→ WORK TO COMPLETE
Would you restate the entries below word for word, starting at the first line and ending with the one that has "by (simp add: agree_def shift_def"?

→ GIVEN RECORDS
lemma shift_D_le: "seq_le (shift i D) D"
proof (induction i)
  case (Suc i)
  show ?case
  proof (cases "label i")
    case True
    with label_0 have "agree 1 (shift i D) D"
      by (simp add: agree_def shift_def D_def bit_seq_def)
    with Suc.IH have "seq_le (shift (Suc i) D) (shift 1 D)"
      using agree_imp_shift_le_iff by fastforce
    with shift_one_D_less show ?thesis
      by (simp add: seq_le_def) (metis seq_less_trans)
  next
    case False
    then have "seq_le (Phi_inv M c False (\<lambda>t. label (t + Suc i))) (Phi_inv M c False label)"
      using shift_A_le[of "Suc i * j"] shift_Suc_A_eq_Phi_inv[of i] A_eq_Phi_inv
      by simp
    then show ?thesis
      using Phi_inv_le_imp_bit_seq_le[OF c_ne last_c_less] by (simp add: D_def shift_bit_seq)
  qed
qed (simp add: seq_le_refl)

lemma D_le_1: "D i \<le> 1"
  by (simp add: D_def bit_seq_def)

lemma seq_bar_D_le_shift: "seq_le (seq_bar 1 D) (shift i D)"
proof (induction i)
  case 0
  have "seq_less (seq_bar 1 D) D"
    using label_0 unfolding seq_less_iff_agree
    by (intro exI[of _ 0]) (simp add: agree_def seq_bar_def D_def bit_seq_def)
  then show ?case
    by (simp add: seq_le_def)
next
  case (Suc i)
  show ?case
  proof (cases "label i")
    case True
    have "seq_le (seq_bar M (Phi_inv M c False label)) (Phi_inv M c True (\<lambda>t. label (t + Suc i)))"
      using seq_bar_A_le_shift[of "Suc i * j"] shift_Suc_A_eq_Phi_inv[of i] A_eq_Phi_inv True
      by simp
    then have "seq_le (Phi_inv M c True (\<lambda>t. \<not> label t))
        (Phi_inv M c True (\<lambda>t. label (t + Suc i)))"
      using seq_bar_Phi_inv[OF c_ne last_c_less c_le_M] by simp
    then have "seq_le (bit_seq (\<lambda>t. \<not> label t)) (bit_seq (\<lambda>t. label (t + Suc i)))"
      by (rule Phi_inv_le_imp_bit_seq_le[OF c_ne last_c_less])
    then show ?thesis
      by (simp add: D_def shift_bit_seq bit_seq_Not)
  next
    case False
    then have "agree 1 (seq_bar 1 D) (shift i D)"
      using label_0 by (simp add: agree_def seq_bar_def shift_def D_def bit_seq_def)
    with Suc.IH have "seq_le (seq_bar 1 (shift 1 D)) (shift (Suc i) D)"
      using agree_imp_shift_le_iff by (fastforce simp: shift_seq_bar)
    moreover have "seq_le (seq_bar 1 D) (seq_bar 1 (shift 1 D))"
      using seq_bar_le[OF D_le_1] shift_one_D_less by (simp add: seq_le_def)
    ultimately show ?thesis
      using seq_le_trans by blast
  qed
qed

(* A smaller period p of the labels would give label (p - 1) = label (k - 1) = False, so the path
   would be back at B after p blocks and A would have the period p * j < L. *)
lemma shift_D_ne:
  assumes h: "0 < h" "h < k"
  shows "shift h D \<noteq> D"
proof
  assume "shift h D = D"
  with shift_k_D h(1) obtain p where p: "0 < p" "p \<le> h" "shift p D = D" "p dvd k"
    by (rule least_period_dvd)
  from \<open>p dvd k\<close> obtain q where "k = p * q"
    by (rule dvdE)
  with p(1) k_ge_2 have "k - 1 = p - 1 + (q - 1) * p"
    by (cases q) (simp_all add: algebra_simps)
  then have "(k - 1) mod p = (p - 1) mod p"
    by (simp only: mod_mult_self1)
  with p(1) have "(k - 1) mod p = p - 1"
    by simp
  then have "D (p - 1) = D (k - 1)"
    using fun_cong[OF shift_period_mod[OF p(3), of "k - 1"], of 0] by (simp add: shift_def)
  then have "\<not> at_A p"
    using not_label_k_minus_1 p(1) by (cases p) (simp_all add: D_def bit_seq_def label_def split: if_splits)
  moreover have "(\<lambda>t. label (t + p)) = label"
    using p(3) by (intro bit_seq_inject) (simp add: D_def shift_bit_seq)
  ultimately have "shift (p * j) A = A"
    using shift_A_eq_Phi_inv[of p] A_eq_Phi_inv by simp
  moreover have "(p * j) mod L \<noteq> 0"
    using p(1,2) h(2) j_pos L_eq by simp
  ultimately show False
    using shift_A_less[of "p * j"] seq_less_irrefl by simp
qed

lemma shift_D_not_agree:
  assumes i: "1 \<le> i" "i < k"
  shows "\<not> agree (k - i) (shift i D) D"
proof
  assume "agree (k - i) (shift i D) D"
  then have "seq_le (shift (k - i) (shift i D)) (shift (k - i) D)"
    using agree_imp_shift_le_iff shift_D_le by blast
  moreover have "shift (k - i) (shift i D) = D"
    using i shift_k_D by simp
  ultimately have "shift (k - i) D = D"
    using shift_D_le seq_le_antisym by metis
  with i show False
    using shift_D_ne[of "k - i"] by simp
qed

→ SOLUTION FOR THIS EXERCISE
lemma shift_D_le: "seq_le (shift i D) D"
proof (induction i)
  case (Suc i)
  show ?case
  proof (cases "label i")
    case True
    with label_0 have "agree 1 (shift i D) D"
      by (simp add: agree_def shift_def D_def bit_seq_def)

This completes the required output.